Please copy each line of the listing below in which the word "standard" appears.
• • • •
(* If $\Phi$ is of type $A_n$ or $C_n$, the set of standard parabolic facets of $\mathcal P_\Phi$ is the set of convex hulls $\operatorname{conv}(I)$ of the maximal abelian ideals $I$ of $\Phi^+$.
   Context: $\Phi$ is a finite irreducible crystallographic root system of rank $n$ with inner product $(-,-)$, basis $\Pi=\{\alpha_1,\dots,\alpha_n\}$ (Bourbaki numbering), positive roots $\Phi^+$, highest root $\theta=\sum_i m_i\alpha_i$; $\breve\omega_i$ is the fundamental coweight ($(\alpha_j,\breve\omega_i)=\delta_{ij}$). $\mathcal P_\Phi=\operatorname{conv}(\Phi)$. For $i\in[n]$, $F_i=\operatorname{conv}\{\beta\in\Phi^+\mid(\beta,\breve\omega_i)=m_i\}$ is a face of $\mathcal P_\Phi$; the standard parabolic facets are those $F_i$ that are facets (faces of dimension $n-1$) of $\mathcal P_\Phi$. The root poset is $\Phi^+$ with $\beta\ge\gamma$ iff $\beta-\gamma$ is a nonnegative integer combination of simple roots; an abelian ideal is a subset of $\Phi^+$ closed upward in the root poset with $(I+I)\cap\Phi=\emptyset$, and maximal means maximal under inclusion. *)

theory Defs
  imports "HOL-Analysis.Analysis"
begin

definition root_system :: "'a::euclidean_space set \<Rightarrow> bool" where
  "root_system \<Phi> \<longleftrightarrow> finite \<Phi> \<and> 0 \<notin> \<Phi> \<and> span \<Phi> = UNIV \<and>
     (\<forall>a\<in>\<Phi>. \<forall>b\<in>\<Phi>. b - (2 * (b \<bullet> a) / (a \<bullet> a)) *\<^sub>R a \<in> \<Phi>) \<and>
     (\<forall>a\<in>\<Phi>. \<forall>b\<in>\<Phi>. 2 * (b \<bullet> a) / (a \<bullet> a) \<in> \<int>) \<and>
     (\<forall>a\<in>\<Phi>. \<forall>c::real. c *\<^sub>R a \<in> \<Phi> \<longrightarrow> c = 1 \<or> c = -1)"

text \<open>Simple roots alpha 0, ..., alpha (n-1) (Bourbaki numbering shifted by one) form a base.\<close>
definition is_base :: "'a::euclidean_space set \<Rightarrow> (nat \<Rightarrow> 'a) \<Rightarrow> nat \<Rightarrow> bool" where
  "is_base \<Phi> \<alpha> n \<longleftrightarrow> (\<forall>i<n. \<alpha> i \<in> \<Phi>) \<and> inj_on \<alpha> {..<n} \<and> independent (\<alpha> ` {..<n}) \<and>
     (\<forall>\<beta>\<in>\<Phi>. \<exists>c::nat \<Rightarrow> int. \<beta> = (\<Sum>i<n. of_int (c i) *\<^sub>R \<alpha> i) \<and>
        ((\<forall>i<n. c i \<ge> 0) \<or> (\<forall>i<n. c i \<le> 0)))"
• • • •
◆ **RESPONSE BOX**
(* If $\Phi$ is of type $A_n$ or $C_n$, the set of standard parabolic facets of $\mathcal P_\Phi$ is the set of convex hulls $\operatorname{conv}(I)$ of the maximal abelian ideals $I$ of $\Phi^+$.
   Context: $\Phi$ is a finite irreducible crystallographic root system of rank $n$ with inner product $(-,-)$, basis $\Pi=\{\alpha_1,\dots,\alpha_n\}$ (Bourbaki numbering), positive roots $\Phi^+$, highest root $\theta=\sum_i m_i\alpha_i$; $\breve\omega_i$ is the fundamental coweight ($(\alpha_j,\breve\omega_i)=\delta_{ij}$). $\mathcal P_\Phi=\operatorname{conv}(\Phi)$. For $i\in[n]$, $F_i=\operatorname{conv}\{\beta\in\Phi^+\mid(\beta,\breve\omega_i)=m_i\}$ is a face of $\mathcal P_\Phi$; the standard parabolic facets are those $F_i$ that are facets (faces of dimension $n-1$) of $\mathcal P_\Phi$. The root poset is $\Phi^+$ with $\beta\ge\gamma$ iff $\beta-\gamma$ is a nonnegative integer combination of simple roots; an abelian ideal is a subset of $\Phi^+$ closed upward in the root poset with $(I+I)\cap\Phi=\emptyset$, and maximal means maximal under inclusion. *)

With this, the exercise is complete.